*WHAT YOU HAVE TO DO:*
Wherever the word "unfolding" turns up in a line of the entries, copy that line.

(Collected data entries)
+===+
definition pair_edges :: "'a set \<Rightarrow> 'a set set" where
  "pair_edges V = {e. e \<subseteq> V \<and> card e = 2}"

definition is_graph :: "'a graph \<Rightarrow> bool" where
  "is_graph G \<longleftrightarrow> snd G \<subseteq> pair_edges (fst G)"

definition graph_iso :: "'a graph \<Rightarrow> 'b graph \<Rightarrow> bool" where
  "graph_iso G H \<longleftrightarrow> (\<exists>f. bij_betw f (fst G) (fst H) \<and> (\<lambda>e. f ` e) ` snd G = snd H)"

definition complete_graph :: "nat \<Rightarrow> nat graph" where
  "complete_graph v = ({..<v}, pair_edges {..<v})"

definition K2 :: "nat graph" where
  "K2 = ({0, 1}, {{0, 1}})"

definition star :: "nat \<Rightarrow> nat graph" where
  "star n = ({0..n}, {{0, i} | i. i \<in> {1..n}})"

definition URD :: "'b graph \<Rightarrow> 'c graph \<Rightarrow> nat \<Rightarrow> nat \<Rightarrow> nat \<Rightarrow> bool" where
  "URD H1 H2 v r s \<longleftrightarrow>
     (\<exists>C :: nat \<Rightarrow> nat graph set.
        (\<forall>i<r+s. \<forall>B\<in>C i. is_graph B \<and> fst B \<subseteq> {..<v}) \<and>
        (\<forall>i<r+s. \<forall>x<v. \<exists>!B. B \<in> C i \<and> x \<in> fst B) \<and>
        (\<forall>i<r. \<forall>B\<in>C i. graph_iso B H1) \<and>
        (\<forall>i. r \<le> i \<and> i < r+s \<longrightarrow> (\<forall>B\<in>C i. graph_iso B H2)) \<and>
        (\<forall>e\<in>snd (complete_graph v). \<exists>!p. fst p < r+s \<and> snd p \<in> C (fst p) \<and> e \<in> snd (snd p)))"

end

theory Submission
  imports Defs
begin

(* Take the vertices to be Z_{2m} with m = n + 1. The m diameters {i, i + m} form the
   single K_2 class. Orient every other pair from c to c + d with 0 < d < m (mod 2m): this is
   a tournament on the non-antipodal pairs in which every vertex has out-degree m - 1. The
   closed out-neighbourhoods of two antipodal vertices j and j + m are complementary, so
   their out-stars K_{1,m-1} form a resolution class, and the m antipodal pairs give m
   classes covering every non-diameter edge exactly once. *)

lemma graph_iso_K2:
  assumes "a \<noteq> b"
  shows "graph_iso ({a, b}, {{a, b}}) K2"
proof -
  define f where "f x = (if x = a then 0 else 1 :: nat)" for x
  have "bij_betw f {a, b} {0, 1}"
    using assms unfolding bij_betw_def f_def by auto
  moreover have "(\<lambda>e. f ` e) ` {{a, b}} = {{0, 1}}"
    using assms unfolding f_def by auto
  ultimately show ?thesis
    unfolding graph_iso_def K2_def by auto
qed
(* Let $j\in\{2,3,4,5,6\}$, $\mathbf c\in\mathbf C^j_{\rm aut}$, $\mathbf m\in\mathbf M_{\mathbf c}$, $n>0$, $\bar s=(s_1,\dots,s_n)\in\mathbb Z^n$, $\bar b=(b_1,\dots,b_n)\in(L_{\mathbf c})^n$ and $\pi\in\operatorname{End}(N_{\mathbf c})$. Put $F^{\bar s,\bar b}_{\mathbf m}:=\sum_{i=1}^ns_i\,(F^{b_i}_{\mathbf m}\restriction\mathcal Z(H_{\mathbf m}))\in\operatorname{End}(\mathcal Z(H_{\mathbf m}))$ and $h'^*:=h^*_{\mathbf c}\circ\pi:N_{\mathbf c}\to H_{\mathbf c}$. Let $\mathcal A^{\bar s,\bar b}_{\mathbf m,\pi}$ be the set of all $g\in\operatorname{End}(H_{\mathbf m})$ with $g\restriction\mathcal Z(H_{\mathbf m})=F^{\bar s,\bar b}_{\mathbf m}$ and $g(x)\in h'^*(h_{\mathbf m}(x))\cdot\mathcal Z(H_{\mathbf m})$ for all $x\in H_{\mathbf m}$. Let $\mathcal F^{\bar s,\bar b}_{\mathbf m,\pi}$ be the set of all functions $f:N_{\mathbf c}\to\mathcal Z(H_{\mathbf m})$ such that for all $a,b\in N_{\mathbf c}$, $f(a)f(b)=F^{\bar s,\bar b}_{\mathbf m}(t')\cdot(t'')^{-1}\cdot f(ab)$, where $t',t''\in\mathcal Z(H_{\mathbf c})$ are the unique elements with $t'h^*_{\mathbf c}(ab)=h^*_{\mathbf c}(a)h^*_{\mathbf c}(b)$ and $t''h'^*(ab)=h'^*(a)h'^*(b)$. For $f\in\mathcal F^{\bar s,\bar b}_{\mathbf m,\pi}$ let $g^{\bar s,\bar b}_{\pi,f}:H_{\mathbf m}\to H_{\mathbf m}$ be $g^{\bar s,\bar b}_{\pi,f}(x)=F^{\bar s,\bar b}_{\mathbf m}(t)\cdot f(h_{\mathbf m}(x))\cdot h'^*(h_{\mathbf m}(x))$, where $t\in\mathcal Z(H_{\mathbf m})$ is the unique element with $x=t\,h^*_{\mathbf c}(h_{\mathbf m}(x))$. Then $\mathcal A^{\bar s,\bar b}_{\mathbf m,\pi}=\{g^{\bar s,\bar b}_{\pi,f}: f\in\mathcal F^{\bar s,\bar b}_{\mathbf m,\pi}\}$.
   Context: Groups are not assumed abelian; $\mathcal Z(H)$ is the center of $H$; the group operation in $\mathcal Z(H)$ is written multiplicatively in the formulas above, while sums of endomorphisms of $\mathcal Z(H)$ are pointwise (so $\sum_is_i\phi_i$ sends $z$ to $\prod_i\phi_i(z)^{s_i}$). $J_p$ is the additive group of $p$-adic integers. $\mathbf C^2_{\rm aut}$: tuples $\mathbf c=(L_{\mathbf c},N_{\mathbf c},H_{\mathbf c},h_{\mathbf c},h^*_{\mathbf c},F_{\mathbf c},(Q^{\bar s}_{\mathbf c}))$ with $L_{\mathbf c},H_{\mathbf c}$ groups, $F_{\mathbf c}:L_{\mathbf c}\to\operatorname{Aut}(H_{\mathbf c})$ an injective homomorphism ($F^\ell_{\mathbf c}:=F_{\mathbf c}(\ell)$), $N_{\mathbf c}\trianglelefteq L_{\mathbf c}$, $h_{\mathbf c}:H_{\mathbf c}\to N_{\mathbf c}$ an epimorphism with kernel $\mathcal Z(H_{\mathbf c})$ such that $F_{\mathbf c}(h_{\mathbf c}(a))$ is $x\mapsto axa^{-1}$ for all $a\in H_{\mathbf c}$, $h^*_{\mathbf c}:N_{\mathbf c}\to H_{\mathbf c}$ a map (not necessarily a homomorphism) with $h_{\mathbf c}\circ h^*_{\mathbf c}=\mathrm{id}$, and $(b_1,\dots,b_n)\in Q^{\bar s}_{\mathbf c}$ iff $\sum_is_iF^{b_i}_{\mathbf c}\restriction\mathcal Z(H_{\mathbf c})=0$. $\mathbf C^3_{\rm aut}$: add $H^*_{\mathbf c},\mathbb P_{\mathbf c}$ with $\mathcal Z(H_{\mathbf c})$ reduced; $H^*_{\mathbf c}\le H_{\mathbf c}$, $H_{\mathbf c}=\bigcup_{x\in\mathcal Z(H_{\mathbf c})}H^*_{\mathbf c}x$, $\mathcal Z(H^*_{\mathbf c})=\mathcal Z(H_{\mathbf c})\cap H^*_{\mathbf c}$; $\mathbb P_{\mathbf c}$ = set of primes $p$ such that $\mathcal Z(H_{\mathbf c})$ has a nonzero element of $p$-power order (then so does $\mathcal Z(H^*_{\mathbf c})$) or $J_p$ embeds in $\mathcal Z(H_{\mathbf c})$ (then $J_p$ embeds in $\mathcal Z(H^*_{\mathbf c})$). $\mathbf C^4_{\rm aut}$: $\mathbf c\in\mathbf C^3_{\rm aut}$ with $\mathcal Z(H_{\mathbf c})/\mathcal Z(H^*_{\mathbf c})$ torsion-free and $p$-divisible for all primes $p\notin\mathbb P_{\mathbf c}$. $\mathbf C^5_{\rm aut}$: pairs $(\mathbf c,\mathbf g)$, $\mathbf c\in\mathbf C^4_{\rm aut}$, $\mathbf g=(\mathbb G_{\mathbf g},(F^\ell_{\mathbf g})_{\ell\in L_{\mathbf c}})$, $\mathbb G_{\mathbf g}$ reduced torsion-free abelian with no $J_p$ embedded, $F^\ell_{\mathbf g}\in\operatorname{Aut}(\mathbb G_{\mathbf g})$, $(b_i)\in Q^{\bar s}_{\mathbf c}\Rightarrow\sum s_iF^{b_i}_{\mathbf g}=0$. $\mathbf C^6_{\rm aut}$: pairs $(\mathbf c,\mathcal G)$, $\mathbf c\in\mathbf C^4_{\rm aut}$, $\mathcal G$ a nonempty set of $\mathbf g$ with $(\mathbf c,\mathbf g)\in\mathbf C^5_{\rm aut}$, closed under restriction to $\mathrm{cl}\{x\}$ (smallest pure subgroup of $\mathbb G_{\mathbf g}$ containing $x$ closed under all $F^\ell_{\mathbf g}$), and containing up to isomorphism every such one-generated $\mathbf g$ embeddable compatibly into $(\mathcal Z(H_{\mathbf c}),(F^\ell_{\mathbf c})_\ell)$. For $j\in\{5,6\}$ the members are pairs and $L_{\mathbf c},H_{\mathbf c},\dots$ denote components of the underlying tuple. $\mathbf M_{\mathbf c}$: the class of $\mathbf m\in\mathbf C^j_{\rm aut}$ with $L_{\mathbf m}=L_{\mathbf c}$, $N_{\mathbf m}=N_{\mathbf c}$, $H_{\mathbf c}\subseteq H_{\mathbf m}$, $h_{\mathbf c}\subseteq h_{\mathbf m}$, $h^*_{\mathbf m}=h^*_{\mathbf c}$, $F^\ell_{\mathbf c}\subseteq F^\ell_{\mathbf m}$ for all $\ell$, $Q^{\bar s}_{\mathbf m}=Q^{\bar s}_{\mathbf c}$, $H_{\mathbf m}$ generated by $\mathcal Z(H_{\mathbf m})\cup H_{\mathbf c}$, $\mathcal Z(H_{\mathbf c})=\mathcal Z(H_{\mathbf m})\cap H_{\mathbf c}$; if $j\ge3$ also $\mathbb P_{\mathbf m}=\mathbb P_{\mathbf c}$, $H^*_{\mathbf m}=H^*_{\mathbf c}$; if $j=5$ the same $\mathbf g$; if $j=6$ the same $\mathcal G$. *)

theory Defs
  imports "HOL-Algebra.Algebra"
begin

definition grp_center :: "('h, 'b) monoid_scheme \<Rightarrow> 'h set" where
  "grp_center H = {z \<in> carrier H. \<forall>x \<in> carrier H. z \<otimes>\<^bsub>H\<^esub> x = x \<otimes>\<^bsub>H\<^esub> z}"

(* The pointwise combination  sum_i s_i F^{b_i}  evaluated at z, i.e.
   prod_i F^{b_i}(z)^{s_i}  (computed in H; used only on the abelian group Z(H)). *)
definition lin_comb ::
  "('h, 'b) monoid_scheme \<Rightarrow> int list \<Rightarrow> 'l list \<Rightarrow> ('l \<Rightarrow> 'h \<Rightarrow> 'h) \<Rightarrow> 'h \<Rightarrow> 'h" where
  "lin_comb H ss bs F z =
     foldr (\<lambda>(s, b) acc. (F b z [^]\<^bsub>H\<^esub> s) \<otimes>\<^bsub>H\<^esub> acc) (zip ss bs) \<one>\<^bsub>H\<^esub>"

definition Qrel ::
  "('h, 'b) monoid_scheme \<Rightarrow> ('l \<Rightarrow> 'h \<Rightarrow> 'h) \<Rightarrow> int list \<Rightarrow> 'l list \<Rightarrow> bool" where
  "Qrel H F ss bs \<longleftrightarrow> (\<forall>z \<in> grp_center H. lin_comb H ss bs F z = \<one>\<^bsub>H\<^esub>)"

(* Membership in C^2_aut of the tuple (L, N, H, h, h*, F, (Q^s)); the component Q^s is
   determined by F (Qrel), so it is not a separate parameter. *)
definition C2_aut ::
  "('l, 'a) monoid_scheme \<Rightarrow> 'l set \<Rightarrow> ('h, 'b) monoid_scheme \<Rightarrow> ('h \<Rightarrow> 'l) \<Rightarrow> ('l \<Rightarrow> 'h)
     \<Rightarrow> ('l \<Rightarrow> 'h \<Rightarrow> 'h) \<Rightarrow> bool" where
  "C2_aut L N H h hs F \<longleftrightarrow>
     group L \<and> group H \<and> N \<lhd> L \<and>
     (\<forall>l \<in> carrier L. F l \<in> iso H H) \<and>
     (\<forall>l1 \<in> carrier L. \<forall>l2 \<in> carrier L. \<forall>x \<in> carrier H.
         F (l1 \<otimes>\<^bsub>L\<^esub> l2) x = F l1 (F l2 x)) \<and>
     (\<forall>l1 \<in> carrier L. \<forall>l2 \<in> carrier L. (\<forall>x \<in> carrier H. F l1 x = F l2 x) \<longrightarrow> l1 = l2) \<and>
     h \<in> epi H (L\<lparr>carrier := N\<rparr>) \<and>
     kernel H (L\<lparr>carrier := N\<rparr>) h = grp_center H \<and>
     (\<forall>a \<in> carrier H. \<forall>x \<in> carrier H. F (h a) x = a \<otimes>\<^bsub>H\<^esub> x \<otimes>\<^bsub>H\<^esub> inv\<^bsub>H\<^esub> a) \<and>
     (\<forall>n \<in> N. hs n \<in> carrier H \<and> h (hs n) = n)"

(* m = (L, N, Hm, hm, hs, Fm, Q_m) belongs to M_c for c = (L, N, Hm|C, hc, hs, Fc, Q_c), j = 2 *)
definition M_member_2 ::
  "('l, 'a) monoid_scheme \<Rightarrow> 'l set \<Rightarrow> ('h, 'b) monoid_scheme \<Rightarrow> 'h set \<Rightarrow> ('h \<Rightarrow> 'l)
     \<Rightarrow> ('h \<Rightarrow> 'l) \<Rightarrow> ('l \<Rightarrow> 'h) \<Rightarrow> ('l \<Rightarrow> 'h \<Rightarrow> 'h) \<Rightarrow> ('l \<Rightarrow> 'h \<Rightarrow> 'h) \<Rightarrow> bool" where
  "M_member_2 L N Hm C hc hm hs Fc Fm \<longleftrightarrow>
     C2_aut L N Hm hm hs Fm \<and>
     subgroup C Hm \<and>
     (\<forall>x \<in> C. hm x = hc x) \<and>
     (\<forall>l \<in> carrier L. \<forall>x \<in> C. Fm l x = Fc l x) \<and>
     (\<forall>ss bs. length ss = length bs \<longrightarrow> set bs \<subseteq> carrier L \<longrightarrow>
         (Qrel Hm Fm ss bs \<longleftrightarrow> Qrel (Hm\<lparr>carrier := C\<rparr>) Fc ss bs)) \<and>
     carrier Hm = generate Hm (grp_center Hm \<union> C) \<and>
     grp_center (Hm\<lparr>carrier := C\<rparr>) = grp_center Hm \<inter> C"

definition A_set ::
  "('l, 'a) monoid_scheme \<Rightarrow> ('h, 'b) monoid_scheme \<Rightarrow> ('h \<Rightarrow> 'l) \<Rightarrow> ('l \<Rightarrow> 'h)
     \<Rightarrow> ('l \<Rightarrow> 'h \<Rightarrow> 'h) \<Rightarrow> int list \<Rightarrow> 'l list \<Rightarrow> ('l \<Rightarrow> 'l) \<Rightarrow> ('h \<Rightarrow> 'h) set" where
  "A_set L Hm hm hs Fm ss bs \<pi> =
     {g \<in> hom Hm Hm. g \<in> extensional (carrier Hm) \<and>
        (\<forall>z \<in> grp_center Hm. g z = lin_comb Hm ss bs Fm z) \<and>
        (\<forall>x \<in> carrier Hm. g x \<in> hs (\<pi> (hm x)) <#\<^bsub>Hm\<^esub> grp_center Hm)}"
+===+
*OUTPUT FOR THIS EXERCISE:*
    using assms unfolding bij_betw_def f_def by auto
    using assms unfolding f_def by auto
    unfolding graph_iso_def K2_def by auto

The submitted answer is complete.